RECORDS PROVIDED below:

text \<open>Substituting \<open>s = t - u\<close> turns the integral into the convolution
  \<open>conv f t = \<integral> R u (f (t - u)) du\<close> over the open orthant \<open>(0,\<infinity>)\<^sup>n\<close>.
  The integrand is continuous, because along a convergent sequence \<open>x n\<close> the strongly
  convergent operators \<open>R (x n)\<close> are uniformly bounded (uniform boundedness principle), and it
  is dominated by \<open>M * norm (R u)\<close> with \<open>M\<close> a bound of \<open>f\<close>. This gives integrability over
  the open orthant, continuity of \<open>conv f\<close> by dominated convergence, and the estimate
  \<open>norm (conv f t\<^sub>1 - conv f t\<^sub>2) \<le> \<epsilon> * \<integral> norm R\<close> whenever
  \<open>norm (f (t\<^sub>1 - u) - f (t\<^sub>2 - u)) \<le> \<epsilon>\<close> for all \<open>u\<close>. Hence a subsequence along which
  the translates of \<open>f\<close> are uniformly Cauchy makes the translates of \<open>conv f\<close> uniformly
  Cauchy, and completeness of \<open>Y\<close> yields the uniform limit.\<close>

lemma norm_blinfun_le_if_bounded_on_ball:
  fixes T :: "'a::real_normed_vector \<Rightarrow>\<^sub>L 'b::real_normed_vector"
  assumes r: "r > 0" and bd: "\<And>x. x \<in> ball x0 r \<Longrightarrow> norm (T x) \<le> k"
  shows "norm T \<le> 4 * k / r"
proof (rule norm_blinfun_bound)
  have "0 \<le> k" using order_trans[OF norm_ge_zero bd[of x0]] r by simp
  then show "0 \<le> 4 * k / r" using r by simp
  have small: "norm (T z) \<le> 2 * k" if "norm z < r" for z
  proof -
    have "norm (T z) = norm (T (x0 + z) - T x0)" by (simp add: blinfun.add_right)
    also have "\<dots> \<le> norm (T (x0 + z)) + norm (T x0)" by (rule norm_triangle_ineq4)
    also have "\<dots> \<le> 2 * k" using bd[of "x0 + z"] bd[of x0] that r by (simp add: dist_norm)
    finally show ?thesis .
  qed
  fix y :: 'a
  show "norm (T y) \<le> 4 * k / r * norm y"
  proof (cases "y = 0")
    case False
    have "norm (T y) = (2 * norm y / r) * norm (T ((r / 2 / norm y) *\<^sub>R y))"
      using False r by (simp add: blinfun.scaleR_right)
    also have "\<dots> \<le> (2 * norm y / r) * (2 * k)"
      using False r by (intro mult_left_mono small) auto
    finally show ?thesis by (simp add: field_simps)
  qed simp
qed

lemma uniform_boundedness:
  fixes T :: "'i \<Rightarrow> 'a::banach \<Rightarrow>\<^sub>L 'b::real_normed_vector"
  assumes "\<And>x. bounded (range (\<lambda>n. T n x))"
  shows "bounded (range T)"
proof -
  define A where "A k = {x. \<forall>n. norm (T n x) \<le> real k}" for k :: nat
  have closed: "closedin euclidean (A k)" for k
    unfolding A_def closed_closedin[symmetric]
    by (intro closed_Collect_all closed_Collect_le continuous_intros)
  have cover: "\<Union>(range A) = UNIV"
  proof safe
    fix x :: 'a
    obtain B where "\<forall>n. norm (T n x) \<le> B" using assms[of x] unfolding bounded_iff by auto
    moreover obtain k :: nat where "B \<le> real k" using real_arch_simple by blast
    ultimately show "x \<in> \<Union>(range A)" unfolding A_def by (auto intro: order_trans)
  qed auto
  have "\<exists>k. interior (A k) \<noteq> {}"
  proof (rule ccontr)
    assume "\<nexists>k. interior (A k) \<noteq> {}"
    then have "euclidean interior_of \<Union>(range A) = {}"
      using closed completely_metrizable_space_euclidean by (intro Baire_category_alt) auto
    then show False using cover by simp
  qed
  then obtain k x0 where "x0 \<in> interior (A k)" by blast
  then obtain r where r: "r > 0" and "ball x0 r \<subseteq> A k"
    unfolding mem_interior by blast
  then have "norm (T n x) \<le> real k" if "x \<in> ball x0 r" for n x
    using that unfolding A_def by blast
  then have "norm (T n) \<le> 4 * real k / r" for n
    by (rule norm_blinfun_le_if_bounded_on_ball[OF r])
  then show ?thesis by (auto intro!: boundedI[where B = "4 * real k / r"])
qed

lemma continuous_on_strongly_continuous_apply:
  fixes R :: "'s::metric_space \<Rightarrow> ('x::banach \<Rightarrow>\<^sub>L 'y::real_normed_vector)"
  assumes R: "\<And>x. continuous_on S (\<lambda>t. R t x)" and h: "continuous_on S h"
  shows "continuous_on S (\<lambda>u. R u (h u))"
  unfolding continuous_on_sequentially o_def
proof (intro allI ballI impI)
  fix x a assume a: "a \<in> S" and x: "(\<forall>n. x n \<in> S) \<and> x \<longlonglongrightarrow> a"
  have R_lim: "(\<lambda>n. R (x n) y) \<longlonglongrightarrow> R a y" for y
    using R[of y] a x unfolding continuous_on_sequentially o_def by blast
  have h_lim: "(\<lambda>n. h (x n)) \<longlonglongrightarrow> h a"
    using h a x unfolding continuous_on_sequentially o_def by blast
  have "bounded (range (\<lambda>n. R (x n)))"
    using R_lim by (intro uniform_boundedness convergent_imp_bounded)
  then obtain B where "\<And>n. norm (R (x n)) \<le> B" unfolding bounded_iff by auto
  then have bound: "norm (R (x n) v) \<le> norm v * B" for n v
    using norm_blinfun[of "R (x n)" v] mult_left_mono[of "norm (R (x n))" B "norm v"]
    by (simp add: mult.commute)
  have "Zfun (\<lambda>n. h (x n) - h a) sequentially"
    using h_lim by (simp only: tendsto_Zfun_iff)
  then have "Zfun (\<lambda>n. R (x n) (h (x n) - h a)) sequentially"
    by (rule Zfun_imp_Zfun[where K=B]) (simp add: bound always_eventually)
  then have "(\<lambda>n. R (x n) (h (x n) - h a)) \<longlonglongrightarrow> 0"
    by (simp only: tendsto_Zfun_iff diff_zero)
  then have "(\<lambda>n. R (x n) (h (x n) - h a) + R (x n) (h a)) \<longlonglongrightarrow> 0 + R a (h a)"
    by (intro tendsto_add R_lim)
  then show "(\<lambda>n. R (x n) (h (x n))) \<longlonglongrightarrow> R a (h a)"
    by (simp add: blinfun.diff_right)
qed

End of RECORDS PROVIDED.

**TASK DESCRIPTION**
Restate the data above word for word, omitting nothing.

**OUTPUT BELOW**
text \<open>Substituting \<open>s = t - u\<close> turns the integral into the convolution
  \<open>conv f t = \<integral> R u (f (t - u)) du\<close> over the open orthant \<open>(0,\<infinity>)\<^sup>n\<close>.
  The integrand is continuous, because along a convergent sequence \<open>x n\<close> the strongly
  convergent operators \<open>R (x n)\<close> are uniformly bounded (uniform boundedness principle), and it
  is dominated by \<open>M * norm (R u)\<close> with \<open>M\<close> a bound of \<open>f\<close>. This gives integrability over
  the open orthant, continuity of \<open>conv f\<close> by dominated convergence, and the estimate
  \<open>norm (conv f t\<^sub>1 - conv f t\<^sub>2) \<le> \<epsilon> * \<integral> norm R\<close> whenever
  \<open>norm (f (t\<^sub>1 - u) - f (t\<^sub>2 - u)) \<le> \<epsilon>\<close> for all \<open>u\<close>. Hence a subsequence along which
  the translates of \<open>f\<close> are uniformly Cauchy makes the translates of \<open>conv f\<close> uniformly
  Cauchy, and completeness of \<open>Y\<close> yields the uniform limit.\<close>

lemma norm_blinfun_le_if_bounded_on_ball:
  fixes T :: "'a::real_normed_vector \<Rightarrow>\<^sub>L 'b::real_normed_vector"
  assumes r: "r > 0" and bd: "\<And>x. x \<in> ball x0 r \<Longrightarrow> norm (T x) \<le> k"
  shows "norm T \<le> 4 * k / r"
proof (rule norm_blinfun_bound)
  have "0 \<le> k" using order_trans[OF norm_ge_zero bd[of x0]] r by simp
  then show "0 \<le> 4 * k / r" using r by simp
  have small: "norm (T z) \<le> 2 * k" if "norm z < r" for z
  proof -
    have "norm (T z) = norm (T (x0 + z) - T x0)" by (simp add: blinfun.add_right)
    also have "\<dots> \<le> norm (T (x0 + z)) + norm (T x0)" by (rule norm_triangle_ineq4)
    also have "\<dots> \<le> 2 * k" using bd[of "x0 + z"] bd[of x0] that r by (simp add: dist_norm)
    finally show ?thesis .
  qed
  fix y :: 'a
  show "norm (T y) \<le> 4 * k / r * norm y"
  proof (cases "y = 0")
    case False
    have "norm (T y) = (2 * norm y / r) * norm (T ((r / 2 / norm y) *\<^sub>R y))"
      using False r by (simp add: blinfun.scaleR_right)
    also have "\<dots> \<le> (2 * norm y / r) * (2 * k)"
      using False r by (intro mult_left_mono small) auto
    finally show ?thesis by (simp add: field_simps)
  qed simp
qed

lemma uniform_boundedness:
  fixes T :: "'i \<Rightarrow> 'a::banach \<Rightarrow>\<^sub>L 'b::real_normed_vector"
  assumes "\<And>x. bounded (range (\<lambda>n. T n x))"
  shows "bounded (range T)"
proof -
  define A where "A k = {x. \<forall>n. norm (T n x) \<le> real k}" for k :: nat
  have closed: "closedin euclidean (A k)" for k
    unfolding A_def closed_closedin[symmetric]
    by (intro closed_Collect_all closed_Collect_le continuous_intros)
  have cover: "\<Union>(range A) = UNIV"
  proof safe
    fix x :: 'a
    obtain B where "\<forall>n. norm (T n x) \<le> B" using assms[of x] unfolding bounded_iff by auto
    moreover obtain k :: nat where "B \<le> real k" using real_arch_simple by blast
    ultimately show "x \<in> \<Union>(range A)" unfolding A_def by (auto intro: order_trans)
  qed auto
  have "\<exists>k. interior (A k) \<noteq> {}"
  proof (rule ccontr)
    assume "\<nexists>k. interior (A k) \<noteq> {}"
    then have "euclidean interior_of \<Union>(range A) = {}"
      using closed completely_metrizable_space_euclidean by (intro Baire_category_alt) auto
    then show False using cover by simp
  qed
  then obtain k x0 where "x0 \<in> interior (A k)" by blast
  then obtain r where r: "r > 0" and "ball x0 r \<subseteq> A k"
    unfolding mem_interior by blast
  then have "norm (T n x) \<le> real k" if "x \<in> ball x0 r" for n x
    using that unfolding A_def by blast
  then have "norm (T n) \<le> 4 * real k / r" for n
    by (rule norm_blinfun_le_if_bounded_on_ball[OF r])
  then show ?thesis by (auto intro!: boundedI[where B = "4 * real k / r"])
qed

lemma continuous_on_strongly_continuous_apply:
  fixes R :: "'s::metric_space \<Rightarrow> ('x::banach \<Rightarrow>\<^sub>L 'y::real_normed_vector)"
  assumes R: "\<And>x. continuous_on S (\<lambda>t. R t x)" and h: "continuous_on S h"
  shows "continuous_on S (\<lambda>u. R u (h u))"
  unfolding continuous_on_sequentially o_def
proof (intro allI ballI impI)
  fix x a assume a: "a \<in> S" and x: "(\<forall>n. x n \<in> S) \<and> x \<longlonglongrightarrow> a"
  have R_lim: "(\<lambda>n. R (x n) y) \<longlonglongrightarrow> R a y" for y
    using R[of y] a x unfolding continuous_on_sequentially o_def by blast
  have h_lim: "(\<lambda>n. h (x n)) \<longlonglongrightarrow> h a"
    using h a x unfolding continuous_on_sequentially o_def by blast
  have "bounded (range (\<lambda>n. R (x n)))"
    using R_lim by (intro uniform_boundedness convergent_imp_bounded)
  then obtain B where "\<And>n. norm (R (x n)) \<le> B" unfolding bounded_iff by auto
  then have bound: "norm (R (x n) v) \<le> norm v * B" for n v
    using norm_blinfun[of "R (x n)" v] mult_left_mono[of "norm (R (x n))" B "norm v"]
    by (simp add: mult.commute)
  have "Zfun (\<lambda>n. h (x n) - h a) sequentially"
    using h_lim by (simp only: tendsto_Zfun_iff)
  then have "Zfun (\<lambda>n. R (x n) (h (x n) - h a)) sequentially"
    by (rule Zfun_imp_Zfun[where K=B]) (simp add: bound always_eventually)
  then have "(\<lambda>n. R (x n) (h (x n) - h a)) \<longlonglongrightarrow> 0"
    by (simp only: tendsto_Zfun_iff diff_zero)
  then have "(\<lambda>n. R (x n) (h (x n) - h a) + R (x n) (h a)) \<longlonglongrightarrow> 0 + R a (h a)"
    by (intro tendsto_add R_lim)
  then show "(\<lambda>n. R (x n) (h (x n))) \<longlonglongrightarrow> R a (h a)"
    by (simp add: blinfun.diff_right)
qed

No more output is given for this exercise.